Published: 12 December 2010

Abstract

Background

Isolated hepatocytes removed from their microenvironment soon lose their hepatospecific functions when cultured. Normally hepatocytes are commonly maintained under limited culture medium supply as well as scaffold thickness. Thus, the cells are forced into metabolic stress that degenerate liver specific functions. This study aims to improve hepatospecific activity by creating a platform based on classical collagen sandwich cultures.

Results

The modified sandwich cultures replace collagen with self-assembling peptide, RAD16-I, combined with functional peptide motifs such as the integrin-binding sequence RGD and the laminin receptor binding sequence YIG to create a cell-instructive scaffold.

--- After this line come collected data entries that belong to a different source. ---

lemma card_roots_separable:
  fixes p :: "'a::alg_closed_field poly"
  assumes "p \<noteq> 0" and separable: "\<And>x. poly p x = 0 \<Longrightarrow> poly (pderiv p) x \<noteq> 0"
  shows "card {x. poly p x = 0} = Polynomial.degree p"
proof -
  obtain A where A: "size A = Polynomial.degree p" "p = smult (Polynomial.lead_coeff p) (\<Prod>x\<in>#A. [:-x, 1:])"
    using alg_closed_imp_factorization[OF \<open>p \<noteq> 0\<close>] by blast
  have roots: "{x. poly p x = 0} = set_mset A"
    using \<open>p \<noteq> 0\<close> by (subst A(2)) (auto simp: poly_prod_mset image_iff)
  have simple: "count A r \<le> 1" for r
  proof (rule ccontr)
    assume "\<not> count A r \<le> 1"
    hence "r \<in># A" by (intro count_inI) simp
    then obtain A' where A': "A = add_mset r A'" by (blast dest: multi_member_split)
    have "r \<in># A'" using A' \<open>\<not> count A r \<le> 1\<close> by (intro count_inI) simp
    then obtain B where "A' = add_mset r B" by (blast dest: multi_member_split)
    with A' have "A = add_mset r (add_mset r B)" by simp
    hence "p = [:-r, 1:] * ([:-r, 1:] * smult (Polynomial.lead_coeff p) (\<Prod>x\<in>#B. [:-x, 1:]))"
      using A(2) by (simp add: mult_ac)
    then obtain q where p_eq: "p = [:-r, 1:] * ([:-r, 1:] * q)" by blast
    have "poly p r = 0 \<and> poly (pderiv p) r = 0" unfolding p_eq pderiv_mult poly_add poly_mult by simp
    thus False using separable by blast
  qed
  have "count A x = count (mset_set (set_mset A)) x" for x
  proof (cases "x \<in># A")
    case True
    hence "count A x > 0" "count (mset_set (set_mset A)) x = 1" by simp_all
    thus ?thesis using simple[of x] by linarith
  qed (simp add: not_in_iff)
  hence "A = mset_set (set_mset A)" by (rule multiset_eqI)
  hence "size A = card (set_mset A)" by (metis size_mset_set)
  thus ?thesis using A(1) roots by simp
qed

text \<open>The copy of \<open>\<bbbF>\<^bsub>q\<^sup>m\<^esub>\<close> inside the algebraic closure of \<open>\<bbbF>\<^sub>q\<close>.\<close>
definition frob_fixed :: "nat \<Rightarrow> 'a::{finite,field} alg_closure set" where
  "frob_fixed m = {x. x ^ (CARD('a) ^ m) = x}"

lemma frob_fixed_add:
  assumes "x \<in> frob_fixed m" "y \<in> frob_fixed m"
  shows "x + y \<in> frob_fixed m"
proof -
  obtain k where k: "CARD('a) = CHAR('a) ^ k" using card_finite_field_CHAR_power by blast
  have "Factorial_Ring.prime CHAR('a alg_closure)"
    using prime_CHAR_semidom[OF finite_imp_CHAR_pos[OF finite]] by (simp add: CHAR_alg_closure)
  moreover have "CARD('a) ^ m = CHAR('a alg_closure) ^ (k * m)" by (simp add: k power_mult)
  ultimately have "(x + y) ^ (CARD('a) ^ m) = x ^ (CARD('a) ^ m) + y ^ (CARD('a) ^ m)"
    by (rule freshmans_dream')
  thus ?thesis using assms by (simp add: frob_fixed_def)
qed

lemma frob_fixed_mult: "x \<in> frob_fixed m \<Longrightarrow> y \<in> frob_fixed m \<Longrightarrow> x * y \<in> frob_fixed m"
  by (simp add: frob_fixed_def power_mult_distrib)

lemma frob_fixed_power:
  assumes "x \<in> frob_fixed m"
  shows "x ^ k \<in> frob_fixed m"
proof -
  have "(x ^ k) ^ (CARD('a) ^ m) = (x ^ (CARD('a) ^ m)) ^ k"
    by (simp only: mult.commute[of k] power_mult[symmetric])
  thus ?thesis using assms by (simp add: frob_fixed_def)
qed
(* Let $R>r\ge1$ and let $f,g:\mathbb{D}_{R}\to\mathbb{C}$ be analytic in $\mathbb{D}_{R}=\{z\in\mathbb{C}:|z|<R\}$, $f(z)=\sum_{k=0}^{\infty}a_{k}z^{k}$, $g(z)=\sum_{k=0}^{\infty}b_{k}z^{k}$. Then there is a constant $C(r,f,g)$, independent of $n$, such that for all $n\in\mathbb{N}$ and all $|z|\le r$, $$\left|B_{n}(fg)(z)-B_{n}(f)(z)B_{n}(g)(z)-\frac{z(1-z)f'(z)g'(z)}{n}\right|\le\frac{C(r,f,g)}{n^{2}}.$$
   Context: For a function $h$ defined on $[0,1]$, the complex Bernstein polynomials are $B_{n}(h)(z)=\sum_{k=0}^{n}\binom{n}{k}z^{k}(1-z)^{n-k}h(k/n)$, $z\in\mathbb{C}$. *)

theory Defs
  imports "HOL-Complex_Analysis.Complex_Analysis"
begin

text \<open>Complex Bernstein polynomial of a function h defined on [0,1]
  (values of h outside [0,1] are never used).\<close>
definition bernstein :: "nat \<Rightarrow> (real \<Rightarrow> complex) \<Rightarrow> complex \<Rightarrow> complex" where
  "bernstein n h z = (\<Sum>k=0..n. of_nat (n choose k) * z ^ k * (1 - z) ^ (n - k) * h (real k / real n))"

end

theory Submission
  imports Defs "HOL-Combinatorics.Stirling" "HOL-Real_Asymp.Real_Asymp"
begin

text \<open>
  By the Stirling expansion \<open>m\<^sup>k = \<Sum>i\<le>k. S(k,i) i! (m choose i)\<close>, the Bernstein polynomial of
  \<open>x\<^sup>k\<close> is a convex combination \<open>\<Sum>i\<le>k. w\<^sub>k\<^sub>,\<^sub>i z\<^sup>i\<close> whose top weight
  \<open>n(n-1)\<cdots>(n-k+1)/n\<^sup>k\<close> is at least \<open>1 - \<sigma>\<^sub>k\<close>, where \<open>\<sigma>\<^sub>k = k(k-1)/(2n)\<close>, and whose
  next weight is \<open>\<sigma>\<^sub>k\<close> times the top weight for \<open>k-1\<close>. Hence, for \<open>|z| \<le> r\<close>,
  \<open>B\<^sub>n(x\<^sup>k) = z\<^sup>k + \<sigma>\<^sub>k (z\<^sup>k\<^sup>-\<^sup>1 - z\<^sup>k) + O(\<sigma>\<^sub>k\<^sup>2 r\<^sup>k)\<close>. Since
  \<open>\<sigma>\<^sub>j\<^sub>+\<^sub>k - \<sigma>\<^sub>j - \<sigma>\<^sub>k = jk/n\<close>, the first-order terms of
  \<open>B\<^sub>n(x\<^sup>j\<^sup>+\<^sup>k) - B\<^sub>n(x\<^sup>j) B\<^sub>n(x\<^sup>k)\<close> are exactly \<open>z(1-z)(x\<^sup>j)'(x\<^sup>k)'/n\<close>, and the
  remaining defect is \<open>O((j+1)\<^sup>4 (k+1)\<^sup>4 r\<^sup>j\<^sup>+\<^sup>k / n\<^sup>2)\<close>. The defect is bilinear in the pair
  of functions; by the Cauchy estimates the Taylor coefficients satisfy
  \<open>\<Sum>j. |a\<^sub>j| (j+1)\<^sup>4 r\<^sup>j < \<infinity>\<close>, so the monomial bounds sum to \<open>C/n\<^sup>2\<close>.
\<close>

section \<open>Bernstein polynomials of monomials\<close>

lemma Suc_times_binomial_eq_diff: "Suc k * (n choose Suc k) = (n - k) * (n choose k)"
  by (simp only: binomial_absorption binomial_absorb_comp)
definition cliques :: "'a set \<Rightarrow> 'a set set \<Rightarrow> nat \<Rightarrow> 'a set set" where
  "cliques V E s = {S. S \<subseteq> V \<and> card S = s \<and> (\<forall>u\<in>S. \<forall>v\<in>S. u \<noteq> v \<longrightarrow> {u, v} \<in> E)}"

definition num_cliques :: "'a set \<Rightarrow> 'a set set \<Rightarrow> nat \<Rightarrow> nat" where
  "num_cliques V E s = card (cliques V E s)"

definition jointsize :: "'a set \<Rightarrow> 'a set set \<Rightarrow> nat \<Rightarrow> nat" where
  "jointsize V E r = (if E = {} then 0
     else Max ((\<lambda>e. card {S \<in> cliques V E (r + 1). e \<subseteq> S}) ` E))"

end

theory Submission
  imports Defs "HOL-Analysis.Convex"
begin

(* Write N(T) for the common neighbourhood of a clique T and k_s for the number of s-cliques.
  Counting pairs (T, w) with w in N(T) gives sum_{T in K_s} |N(T)| = (s+1) k_{s+1}; since a vertex
  outside N(S) lies in at most one N(S - w), also sum_{T in K_s} |N(T)|^2 <= n k_{s+1} + s(s+2) k_{s+2}.
  Cauchy-Schwarz yields the Moon-Moser inequality
  ((s+1) k_{s+1})^2 <= k_s (n k_{s+1} + s(s+2) k_{s+2}).
  With b = 1 - 2e/n^2 < 1/r - 2c, induction on s gives (s+1) k_{s+1} >= n (1 - s b) k_s and
  k_s >= (r choose s) (n/r)^s for s <= r, hence (r+1) k_{r+1} > 2 c r^2 (n/r)^(r+1).
  The jointsize bound follows because every (r+1)-clique contains (r+1 choose 2) edges
  and e <= n^2/2. *)

lemma sum_card_filter_swap:
  assumes "finite A" and "finite B"
  shows "(\<Sum>a\<in>A. card {b\<in>B. R a b}) = (\<Sum>b\<in>B. card {a\<in>A. R a b})"
  using assms by (simp add: card_eq_sum sum.inter_filter del: sum_constant) (rule sum.swap)

definition common_nbhd :: "'a set \<Rightarrow> 'a set set \<Rightarrow> 'a set \<Rightarrow> 'a set" where
  "common_nbhd V E T = {w\<in>V. \<forall>t\<in>T. {w, t} \<in> E}"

In this work, we show that a plasma-deposited coating can be used to obtain a peptide layer thickness in the nanometric range, which in combination with the incorporation of functional peptide motifs have a positive effect on the expression of adult hepatocyte markers including albumin, CYP3A2 and HNF4-alpha.

Conclusions

This study demonstrates the capacity of sandwich cultures with modified instructive self-assembling peptides to promote cell-matrix interaction and the importance of thinner scaffold layers to overcome mass transfer problems. We believe that this bioengineered platform improves the existing hepatocyte culture methods to be used for predictive toxicology and eventually for hepatic assist technologies and future artificial organs.